Continuous data protection (CDP) is a topic that often comes up for VARs during discussions with customers that
are having backup window problems. Developed initially as a replacement for existing backup products, CDP solutions garnered a lot of interest, especially in the enterprise space. Now mostly implemented as an option within existing backup products, CDP can provide real benefits in the right use case. This tip will focus on some of those use cases and provide details around recovering data backed up with CDP.
Most CDP solutions use a process that captures data writes and records them to a second location, where they’re applied to a recovery image to keep it in sync with the primary data set. In case of a failure in the primary data set, this recovery image can be mounted and used as a failover copy. The CDP system also keeps a log of these changes and saves each one so that a current image can be rolled back to any previous point in time. Since it results in two synchronized copies of a given data set, CDP eliminates the need for a separate backup cycle, making the backup window a thing of the past. And, since the recovery image is always up to date with the primary, CDP can support a recovery point objective (RPO) of near zero, meaning there will be essentially no gap between the time a failure occurs and the last known good backup.
Originally, CDP solutions were developed and marketed largely by startup companies as a replacement or augmentation for traditional backup applications, but many iterations of CDP technology have since been acquired and integrated into existing backup products. Snapshot and replication technologies have also been used to provide a similar function to true continuous data protection, referred to as “near-CDP.” Snapshots involve capturing the status of a data set at predetermined times, for the purpose of re-creating that state, whereas CDP records write operations continuously. For the purposes of this tip, we’ll focus on “true” CDP solutions.
Which customers are a good fit for true CDP?
True CDP’s primary use case is mostly in larger environments where an always up-to-date backup is critical or where the IT organization needs the ability to dial back to the right moment in time before an event, such as data corruption, occurred. Many of these IT shops are using traditional backup methods but are running out of time to complete regular backups. As data explodes, global companies find themselves in a perfect-storm situation, with an increasing volume of data to back up and no window in which to do it. CDP can essentially remove the requirement for a backup window and, if the CDP volume can be accessed live, it also provides a near-instant recovery capability.
Another use case for CDP technology is as a standalone backup application. Compared with traditional backup solutions, these products can be simpler to implement and easier to use. This fits with the smaller-customer market segments this use case is focused on; they can also be less averse to replacing their existing backup infrastructure. However, some of these products actually use the near-CDP process of successive snapshots and replication.
How does true CDP recovery work?
Depending on the use case, recovery with CDP can be instantaneous, where applications or customers simply mount a LUN or file system and start using it as the primary data set. As described above, this is a common scenario for large customers that have no backup window and an RPO of near zero. For file data, recovery is pretty straightforward, and file versions from almost any point in time can be accessed. Once the primary system has been repaired, the recovery data set is used to reverse the process, resynchronizing the primary and “failing back” users and applications.

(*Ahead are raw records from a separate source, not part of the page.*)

section \<open>Step 1: decay of H^1_2 functions at the origin\<close>

lemma increment_le_weighted_energy:
  fixes f g :: "real \<Rightarrow> real"
  assumes xz: "0 < x" "x \<le> z" and I: "0 \<le> I"
    and df: "\<And>y. x \<le> y \<Longrightarrow> y \<le> z \<Longrightarrow> (f has_real_derivative deriv f y) (at y)"
    and g_int: "g integrable_on {x..z}" and g_le: "integral {x..z} g \<le> I"
    and g_ge: "\<And>y. x \<le> y \<Longrightarrow> y \<le> z \<Longrightarrow> (deriv f y)\<^sup>2 / y\<^sup>2 \<le> g y"
  shows "\<bar>f z - f x\<bar> \<le> (I+1)/2 * z * sqrt z"
proof -
  define t where "t = 1/(z * sqrt z)"
  have z0: "z > 0" using xz by auto
  have t0: "t > 0" unfolding t_def using z0 by auto
  have ftc: "(deriv f has_integral f z - f x) {x..z}"
    using xz df
    by (intro fundamental_theorem_of_calculus)
       (auto simp: has_real_derivative_iff_has_vector_derivative[symmetric] intro: has_field_derivative_at_within)
  define h where "h = (\<lambda>y. g y / (2*t) + t*z\<^sup>2/2)"
  have h_int: "(h has_integral (integral {x..z} g / (2*t) + (z-x)*(t*z\<^sup>2/2))) {x..z}"
    unfolding h_def using has_integral_const_real[of "t*z\<^sup>2/2" x z] xz
    by (intro has_integral_add has_integral_divide integrable_integral[OF g_int]) simp
  have "norm (integral {x..z} (deriv f)) \<le> integral {x..z} h"
  proof (rule integral_norm_bound_integral)
    show "deriv f integrable_on {x..z}" using ftc by blast
    show "h integrable_on {x..z}" using h_int by blast
    fix y assume y: "y \<in> {x..z}"
    hence y0: "y > 0" using xz by auto
    have "\<bar>deriv f y\<bar> \<le> ((deriv f y)\<^sup>2/y\<^sup>2)/(2*t) + t*y\<^sup>2/2"
      by (rule abs_le_weighted_amgm[OF y0 t0])
    also have "\<dots> \<le> g y/(2*t) + t*z\<^sup>2/2"
      using g_ge[of y] y y0 t0 by (intro add_mono divide_right_mono mult_left_mono power_mono) auto
    finally show "norm (deriv f y) \<le> h y" unfolding h_def by simp
  qed
  hence "\<bar>f z - f x\<bar> \<le> integral {x..z} g / (2*t) + (z-x)*(t*z\<^sup>2/2)"
    using ftc h_int by (simp add: integral_unique)
  also have "\<dots> \<le> I/(2*t) + z*(t*z\<^sup>2/2)"
    using g_le xz t0 z0 by (intro add_mono divide_right_mono mult_right_mono) auto
  also have "\<dots> = (I+1)/2 * z * sqrt z"
  proof -
    have s: "sqrt z * sqrt z = z" using z0 by simp
    have "sqrt z > 0" using z0 by simp
    thus ?thesis unfolding t_def using z0 s
      by (simp add: field_simps power2_eq_square) (simp add: mult.assoc[symmetric] s)
  qed
  finally show ?thesis .
qed
theorem theorem5p6:
  fixes Poss :: "'a \<Rightarrow> 'a list \<Rightarrow> bool"
    and tm :: "'a \<Rightarrow> real"
    and st0 :: real
    and f :: "'x \<Rightarrow> real \<Rightarrow> 'a list \<Rightarrow> 'v"
    and gamma :: "'i::finite \<Rightarrow> 'x \<Rightarrow> 'a list \<Rightarrow> bool"
    and delta :: "'i \<Rightarrow> 'x \<Rightarrow> 'v \<Rightarrow> real \<Rightarrow> 'a list \<Rightarrow> bool"
    and c :: 'x
    and Phi :: "'v \<Rightarrow> bool"
    and sigma :: "'a list"
    and a :: 'a and ts :: nat and sstar :: "'a list"
  assumes excl: "\<forall>i j x s. gamma i x s \<and> gamma j x s \<longrightarrow> i = j"
    and sea: "\<forall>x y t s. (f x t s = y) \<longleftrightarrow>
               ((\<exists>i. gamma i x s \<and> delta i x y t s)
                \<or> (y = f x (start tm st0 s) s \<and> \<not> (\<exists>i. gamma i x s)))"
    and ground: "sigma \<noteq> []"
    and exec: "Exec Poss tm st0 sigma"
    and notS0: "\<not> Phi (f c (start tm st0 S0) S0)"
    and notS0a1: "\<not> Phi (f c (tm (last sigma)) S0)"
    and achieved: "Phi (f c (start tm st0 sigma) sigma)"
  shows "CausesDirPrimTemp Poss tm st0 (\<lambda>i s. gamma i c s) a ts (\<lambda>t s. Phi (f c t s)) sigma
         \<and> sle Poss tm st0 sigma sstar
         \<and> (\<forall>s' t'. sle Poss tm st0 sigma s' \<and> sle Poss tm st0 s' sstar
                  \<and> start tm st0 s' \<le> t' \<and> t' \<le> send Poss tm st0 s' sstar
                  \<longrightarrow> Phi (f c t' s'))
         \<longrightarrow> CausesDirPrimTemp Poss tm st0 (\<lambda>i s. gamma i c s) a ts (\<lambda>t s. Phi (f c t s)) sstar"
proof (intro impI, elim conjE)
  assume caused: "CausesDirPrimTemp Poss tm st0 (\<lambda>i s. gamma i c s) a ts (\<lambda>t s. Phi (f c t s)) sigma"
    and le: "sle Poss tm st0 sigma sstar"
    and persists: "\<forall>s' t'. sle Poss tm st0 sigma s' \<and> sle Poss tm st0 s' sstar
                  \<and> start tm st0 s' \<le> t' \<and> t' \<le> send Poss tm st0 s' sstar
                  \<longrightarrow> Phi (f c t' s')"
  from caused obtain sphi i
    where achv: "AchvSit Poss tm st0 sphi (\<lambda>t s. Phi (f c t s)) sigma"
      and causes: "CausesDir Poss tm st0 a ts (\<lambda>s. gamma i c s) sphi"
    by (auto simp: CausesDirPrimTemp_def)
  have "AchvSit Poss tm st0 sphi (\<lambda>t s. Phi (f c t s)) sstar"
    using AchvSit_persistent_extension[OF le _ _ achv CausesDir_imp_Exec[OF causes]]
      achieved persists by (simp add: Persists_def)
  with causes show "CausesDirPrimTemp Poss tm st0 (\<lambda>i s. gamma i c s) a ts (\<lambda>t s. Phi (f c t s)) sstar"
    by (auto simp: CausesDirPrimTemp_def)
qed
(* Let $L=(L;\wedge,\vee,{}^\ast,{}^\prime,0,1)$ be a pseudocomplemented de Morgan algebra and let $(P;\tau,\leq,\zeta)$ be its dual $pm$-space. Then $L$ is regular if and only if the poset $(P;\leq)$ has height at most $1$, i.e. every chain in $(P;\leq)$ has at most $2$ elements.
   Context: A pseudocomplemented de Morgan algebra ($pm$-algebra) is an algebra $(L;\wedge,\vee,{}^\ast,{}^\prime,0,1)$ such that $(L;\wedge,\vee,0,1)$ is a bounded distributive lattice, ${}^\ast$ is the pseudocomplement ($x\wedge y=0$ iff $y\le x^\ast$), and ${}^\prime$ is a de Morgan involution ($(x\vee y)'=x'\wedge y'$, $(x\wedge y)'=x'\vee y'$, $0'=1$, $1'=0$, $x''=x$). An algebra is regular if any two congruences on it having a common class are equal. A $pm$-space is $(P;\tau,\le,\zeta)$ where $(P;\tau,\le)$ is a Priestley space, $[X)$ is clopen for every clopen decreasing $X\subseteq P$, and $\zeta$ is a continuous order-reversing involution of $P$. The dual $pm$-space of $L$ is the set of prime ideals of $L$ ordered by inclusion, with the Priestley topology and $\zeta(I)=\{a\in L: a'\notin I\}$; $L$ is isomorphic to the algebra of clopen decreasing subsets of its dual space with $\cap,\cup,\emptyset,P$, $X^\ast=P\setminus[X)$ and $X'=P\setminus\zeta(X)$. *)

theory Defs
  imports Main
begin

definition pm_algebra :: "('a::{bounded_lattice,distrib_lattice} \<Rightarrow> 'a) \<Rightarrow> ('a \<Rightarrow> 'a) \<Rightarrow> bool" where
  "pm_algebra pc neg \<longleftrightarrow>
     (\<forall>x y. inf x y = bot \<longleftrightarrow> y \<le> pc x) \<and>
     (\<forall>x y. neg (sup x y) = inf (neg x) (neg y)) \<and>
     (\<forall>x y. neg (inf x y) = sup (neg x) (neg y)) \<and>
     neg bot = top \<and> neg top = bot \<and>
     (\<forall>x. neg (neg x) = x)"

For databases, recovery is trickier, as they usually must remain “application consistent” to be used in place of the primary data set during a failure. Sometimes this includes synchronizing with multiple applications and data volumes. Some CDP solutions leverage APIs such as Microsoft’s Volume Shadow Copy Service (VSS) to create recovery points by putting the database into a consistent state prior to capturing changes. This is essentially a snapshot process, which is triggered by the CDP software, although not every second. Other products track events such as file save operations and database startup and shutdown to indicate consistent recovery points. For both methods, these consistent-state recovery points are marked in the change journal. The downside is that fewer recovery points are available for database applications, compared with restoring files. This makes CDP recovery for databases similar to regular snapshot-based recovery.
With most CDP solutions, recovery of files is easy: Simply browse the directory of recovery images, locate the file versions needed and copy them back to the primary storage location. For the standalone backup use case, this can even be a self-service operation, one that’s especially appealing when compared with traditional products’ restores, which required IT intervention.
On the downside, CDP solutions capture every change made to a data set, which means that they basically never delete anything. The potential capacity of storage consumed can make CDP feasible only as a short- to medium-term solution. To address this, some products reduce the frequency of recovery points as backups age; others combine all recovery points older than a certain time into a “synthetic full” backup. A legacy backup application that integrated CDP companies’ technology may have your customers’ best solution by using CDP for only the most recent time frame and then saving the data for the long term by backing the CDP data store up as it would any another client.
Eric Slack is a senior analyst with Storage Switzerland.